Chin Med J (Engl). 2005 Feb 5;118(3):204-9.
The treatment of hypoparathyroidism (HPT) is still a difficult clinical problem, which necessitates a new therapy. Gene therapy of HPT has been valuable, but how to improve the gene transfer efficiency and expression stability is a problem. This study was designed to optimize the gene therapy of HPT with hematopoietic stem cells (HSCs) recombined with the parathyroid hormone (PTH) gene.
The human PTH gene was amplified by polymerase chain reaction (PCR) from pcDNA3.1-PTH vectors and inserted into murine stem cell virus (MSCV) vectors with double enzyme digestion (EcoRI and XhoI). The recombinant vectors were transfected into PA317 packaging cell lines by the lipofectin method and screened by G418 selective medium. The condensed recombinant retroviruses were extracted and used to infect HSCs, which were injected into mice suffering from HPT. The change of symptoms and serum levels of PTH and calcium in each group of mice were investigated.
The human PTH gene was inserted into MSCV vectors successfully and the titres were up to 2 x 10(7) colony forming unit (CFU)/ml in condensed retroviral solution. The secretion of PTH reached 15 ng.10(-6).cell(-1) per 48 hours. The wild type viruses were not detected via PCR amplification, so they were safe for use. The mice suffering from HPT recovered quickly and the serum levels of calcium and PTH remained normal for about three months after the HSCs recombined with PTH were injected into them. The therapeutic effect of this method was better than simple recombinant retroviruses injection.

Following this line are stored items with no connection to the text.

(* Let $c\in(0,1)$ and let $(M_n)_{n\ge1}$ be integers with $1\le M_n\le kn-1$ and $M_n/(kn)\to c$. Then for $k=2$, \[ \lim_{n\to\infty}P_{n,2}(\mathcal{S}(n,2;M_n))=-2c(1-c)+(2c-c^2)\log(2-c)-(2c+c^2)\log c, \] and for $k=3$, \[ \lim_{n\to\infty}P_{n,3}(\mathcal{S}(n,3;M_n))=-\tfrac32(1-c)c(1+3c)-(3c+3c^2+c^3)\log c+\big(\tfrac32c+\tfrac32c^2-c^3\big)\log(c^2-3c+3)+3\sqrt3(c^2-c)\arctan\Big(\frac{3-2c}{\sqrt3}\Big)+\frac{\sqrt3\,\pi}2(c-c^2). \]
   Context: Fix integers $k\ge2$, $n\ge1$. There are $kn$ items, $k$ items at each of the ranks $1,2,\dots,n$ (rank $n$ is highest). The items are revealed one at a time in a uniformly random order, i.e. the sequence of ranks is a uniformly random permutation of the multiset $\{1^k,2^k,\dots,n^k\}$; $P_{n,k}$ denotes this uniform probability. For $M\in\{1,\dots,kn-1\}$, the strategy $\mathcal{S}(n,k;M)$ lets the first $M$ items pass and then selects the first later-arriving item whose rank is greater than or equal to the highest rank among the first $M$ items (if such an item exists; otherwise nothing is selected). $P_{n,k}(\mathcal{S}(n,k;M))$ denotes the probability that this strategy selects an item of rank $n$. *)

theory Defs
  imports Complex_Main
begin

text \<open>An arrangement of the multiset {1^k,...,n^k}: a sequence s of length k*n
  (positions 0..k*n-1; s i = 0 outside) taking each rank 1..n exactly k times.\<close>
definition arrangements :: "nat \<Rightarrow> nat \<Rightarrow> (nat \<Rightarrow> nat) set" where
  "arrangements n k = {s. (\<forall>i. k*n \<le> i \<longrightarrow> s i = 0)
      \<and> (\<forall>i<k*n. s i \<in> {1..n})
      \<and> (\<forall>r\<in>{1..n}. card {i. i < k*n \<and> s i = r} = k)}"

definition strategy_wins :: "nat \<Rightarrow> nat \<Rightarrow> nat \<Rightarrow> (nat \<Rightarrow> nat) \<Rightarrow> bool" where
  "strategy_wins n k M s = (let t = Max (s ` {..<M}) in
     \<exists>j. M \<le> j \<and> j < k*n \<and> t \<le> s j \<and> (\<forall>i. M \<le> i \<and> i < j \<longrightarrow> s i < t) \<and> s j = n)"

definition win_prob :: "nat \<Rightarrow> nat \<Rightarrow> nat \<Rightarrow> real" where
  "win_prob n k M = real (card {s \<in> arrangements n k. strategy_wins n k M s})
                    / real (card (arrangements n k))"

end

theory Submission
  imports
    Defs
    "HOL-Combinatorics.Multiset_Permutations"
    "HOL-Computational_Algebra.Formal_Power_Series"
    "HOL-Analysis.Uniform_Limit"
begin

text \<open>An arrangement is a uniformly random permutation of the multiset of ranks. The strategy
  wins iff, for some rank t and some a > 0, the first M items are all at most t with exactly a
  copies of t, and the first later item of rank at least t is an n. Conditioning on the first item
  gives, by induction on M, the probability of this event in closed form: a hypergeometric factor in
  falling factorials times the chance that the first later item of rank at least t is an n. With
  j = n - t and M/(kn) -> c each term converges, and all terms are dominated by (1 - c/2)^j, so
  Tannery's theorem turns the limit into a series. For k = 2, 3 this series consists of power
  series sum_j u^(kj+r)/(kj+r) with u = 1 - c, which are antiderivatives of t^(r-1)/(1 - t^k)
  and hence logarithms and arctangents.\<close>

(* HOL-Analysis' notation \<open>*s\<close> would otherwise swallow "3*sqrt 3" in the statement. *)
no_notation vector_scalar_mult (infixl \<open>*s\<close> 70)

section \<open>Uniformly random permutations of a multiset\<close>

definition perm_prob :: "'a multiset \<Rightarrow> ('a list \<Rightarrow> bool) \<Rightarrow> real" where
  "perm_prob A Q = real (card {xs \<in> permutations_of_multiset A. Q xs})
                   / real (card (permutations_of_multiset A))"

lemma card_permutations_of_multiset_pos: "card (permutations_of_multiset A) > 0"
  by (simp add: card_gt_0_iff)

lemma perm_prob_const: "perm_prob A (\<lambda>_. b) = (if b then 1 else 0)"
  using card_permutations_of_multiset_pos[of A] by (simp add: perm_prob_def)

lemma perm_prob_sum_disjoint:
  assumes "finite I"
    and disj: "\<And>xs i j. xs \<in> permutations_of_multiset A \<Longrightarrow> i \<in> I \<Longrightarrow> j \<in> I \<Longrightarrow> i \<noteq> j
                 \<Longrightarrow> \<not> (Q i xs \<and> Q j xs)"
    and iff: "\<And>xs. xs \<in> permutations_of_multiset A \<Longrightarrow> P xs \<longleftrightarrow> (\<exists>i\<in>I. Q i xs)"
  shows "perm_prob A P = (\<Sum>i\<in>I. perm_prob A (Q i))"
proof -
  have "{xs \<in> permutations_of_multiset A. P xs} = (\<Union>i\<in>I. {xs \<in> permutations_of_multiset A. Q i xs})"
    using iff by auto
  then have "card {xs \<in> permutations_of_multiset A. P xs}
      = (\<Sum>i\<in>I. card {xs \<in> permutations_of_multiset A. Q i xs})"
    by (simp only:) (rule card_UN_disjoint; use assms(1) disj in auto)
  then show ?thesis unfolding perm_prob_def by (simp add: sum_divide_distrib)
qed

lemma perm_prob_Cons:
  assumes "A \<noteq> {#}"
  shows "perm_prob A Q = (\<Sum>x\<in>set_mset A. real (count A x) / real (size A)
                            * perm_prob (A - {#x#}) (\<lambda>xs. Q (x # xs)))"
proof -
  have "{xs \<in> permutations_of_multiset A. Q xs} =
      (\<Union>x\<in>set_mset A. (#) x ` {ys \<in> permutations_of_multiset (A - {#x#}). Q (x # ys)})"
    using permutations_of_multiset_nonempty[OF assms] by auto
  then have card: "card {xs \<in> permutations_of_multiset A. Q xs} =
      (\<Sum>x\<in>set_mset A. card {ys \<in> permutations_of_multiset (A - {#x#}). Q (x # ys)})"
    by (simp only:) (subst card_UN_disjoint; auto simp: card_image inj_on_def)
  have "size A > 0" using assms by (simp add: nonempty_has_size)
  moreover have "real (card (permutations_of_multiset (A - {#x#}))) =
       real (card (permutations_of_multiset A) * count A x) / real (size A)" if "x \<in># A" for x
    using real_card_permutations_of_multiset_remove[OF that] .
  ultimately show ?thesis
    unfolding perm_prob_def card of_nat_sum sum_divide_distrib
    using card_permutations_of_multiset_pos[of A]
    by (intro sum.cong refl) (simp add: field_simps)
qed

lemma real_size_filter_mset:
  "real (size (filter_mset P A)) = (\<Sum>x\<in>set_mset A. if P x then real (count A x) else 0)"
proof -
  have "size (filter_mset P A) = (\<Sum>x\<in>set_mset (filter_mset P A). count (filter_mset P A) x)"
    by (rule size_multiset_overloaded_eq)
  also have "\<dots> = (\<Sum>x\<in>set_mset A. if P x then count A x else 0)"
    by (simp add: sum.inter_filter[symmetric] cong: sum.cong)
  finally show ?thesis by (simp add: of_nat_sum if_distrib cong: if_cong)
qed

lemma perm_prob_Cons_below:
  fixes A :: "'a::linorder multiset"
  assumes "A \<noteq> {#}"
    and below: "\<And>x. x \<in># A \<Longrightarrow> x < t \<Longrightarrow> perm_prob (A - {#x#}) (\<lambda>xs. Q (x # xs)) = p"
  shows "perm_prob A Q = real (size (filter_mset (\<lambda>x. x < t) A)) / real (size A) * p
           + (\<Sum>x\<in>set_mset A. if t \<le> x
                then real (count A x) / real (size A) * perm_prob (A - {#x#}) (\<lambda>xs. Q (x # xs))
                else 0)"
  unfolding perm_prob_Cons[OF assms(1)] real_size_filter_mset sum_divide_distrib sum_distrib_right
    sum.distrib[symmetric]
  using below by (intro sum.cong refl) (auto simp: not_le)

definition size_ge :: "'a::linorder \<Rightarrow> 'a multiset \<Rightarrow> nat" where
  "size_ge t A = size (filter_mset (\<lambda>x. t \<le> x) A)"

lemma size_ge_le_size: "size_ge t A \<le> size A"
  unfolding size_ge_def by simp

lemma count_le_size_ge: "t \<le> x \<Longrightarrow> count A x \<le> size_ge t A"
  unfolding size_ge_def using count_le_size[of "filter_mset (\<lambda>x. t \<le> x) A" x] by simp

lemma size_ge_remove_less: "x < t \<Longrightarrow> size_ge t (A - {#x#}) = size_ge t A"
  unfolding size_ge_def by simp

lemma size_ge_remove_self: "t \<in># A \<Longrightarrow> size_ge t (A - {#t#}) = size_ge t A - 1"
  unfolding size_ge_def by (simp add: size_Diff_submset)

lemma size_filter_mset_less:
  fixes A :: "'a::linorder multiset"
  shows "size (filter_mset (\<lambda>x. x < t) A) = size A - size_ge t A"
proof -
  have "size A = size (filter_mset (\<lambda>x. x < t) A) + size (filter_mset (\<lambda>x. \<not> x < t) A)"
    by (metis multiset_partition size_union)
  moreover have "filter_mset (\<lambda>x. \<not> x < t) A = filter_mset (\<lambda>x. t \<le> x) A"
    by (rule filter_mset_cong) (auto simp: not_less)
  ultimately show ?thesis by (simp add: size_ge_def)
qed

lemma perm_prob_find:
  fixes A :: "'a::linorder multiset"
  assumes "t \<le> n"
  shows "perm_prob A (\<lambda>xs. find (\<lambda>x. t \<le> x) xs = Some n) = real (count A n) / real (size_ge t A)"
proof (induction "size A" arbitrary: A)
  case 0
  then show ?case by (simp add: perm_prob_def)
next
  case (Suc m)
  have ne: "A \<noteq> {#}" using Suc.hyps(2) by auto
  have below: "perm_prob (A - {#x#}) (\<lambda>xs. find (\<lambda>x. t \<le> x) (x # xs) = Some n)
      = real (count A n) / real (size_ge t A)" if "x \<in># A" "x < t" for x
  proof -
    have "\<not> t \<le> x" "count (A - {#x#}) n = count A n" using that assms by auto
    then show ?thesis
      using Suc.hyps(1)[of "A - {#x#}"] Suc.hyps(2) that by (simp add: size_Diff_submset size_ge_remove_less)
  qed
  have above: "(\<Sum>x\<in>set_mset A. if t \<le> x then real (count A x) / real (size A)
        * perm_prob (A - {#x#}) (\<lambda>xs. find (\<lambda>x. t \<le> x) (x # xs) = Some n) else 0)
      = (\<Sum>x\<in>set_mset A. if x = n then real (count A x) / real (size A) else 0)"
    using assms by (intro sum.cong refl) (auto simp: perm_prob_const)
  have "perm_prob A (\<lambda>xs. find (\<lambda>x. t \<le> x) xs = Some n)
      = real (size A - size_ge t A) / real (size A) * (real (count A n) / real (size_ge t A))
        + real (count A n) / real (size A)"
    using perm_prob_Cons_below[where t = t, OF ne below] above
    by (simp add: size_filter_mset_less sum.delta' not_in_iff)
  also have "\<dots> = real (count A n) / real (size_ge t A)"
  proof -
    have "count A n \<le> size_ge t A"
      using assms by (rule count_le_size_ge)
    moreover have "size_ge t A \<le> size A" "size A \<noteq> 0" using Suc.hyps(2) size_ge_le_size by auto
    ultimately show ?thesis
      by (cases "size_ge t A = 0") (simp_all add: of_nat_diff divide_simps algebra_simps)
  qed
  finally show ?case .
qed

The recombinant retroviral vectors MSCV-PTH and the high-titre condensed retroviral solution recombined with the PTH gene are obtained. The recombinant retroviral solution could infect HSCs at a high rate of efficiency. The infected HSCs could cure HPT in mice. This method has provided theoretical evidence for the clinical gene therapy of HPT.
甲状旁腺功能减退症(HPT)的治疗仍是一个棘手的临床问题,需要新的治疗方法。HPT的基因治疗具有重要价值,但如何提高基因转移效率和表达稳定性是一个问题。本研究旨在优化利用重组甲状旁腺激素(PTH)基因的造血干细胞(HSCs)对HPT进行基因治疗。
通过聚合酶链反应(PCR)从pcDNA3.1-PTH载体中扩增人PTH基因,经双酶切(EcoRI和XhoI)插入小鼠干细胞病毒(MSCV)载体。采用脂质体法将重组载体转染至PA317包装细胞系,并用G418选择培养基筛选。提取浓缩的重组逆转录病毒,用于感染HSCs,将其注射到患有HPT的小鼠体内。观察每组小鼠症状变化以及血清PTH和钙水平。
人PTH基因成功插入MSCV载体,浓缩逆转录病毒溶液滴度高达2×)10(7)集落形成单位(CFU)/ml。每48小时PTH分泌量达15 ng·10(-6)·细胞(-1)。经PCR扩增未检测到野生型病毒,使用安全。将重组PTH的HSCs注射到患有HPT的小鼠体内后,小鼠恢复迅速,血清钙和PTH水平在约三个月内保持正常。该方法的治疗效果优于单纯注射重组逆转录病毒。
获得了重组逆转录病毒载体MSCV-PTH以及与PTH基因重组的高滴度浓缩逆转录病毒溶液。重组逆转录病毒溶液能高效感染HSCs。被感染的HSCs可治愈小鼠的HPT。该方法为HPT的临床基因治疗提供了理论依据。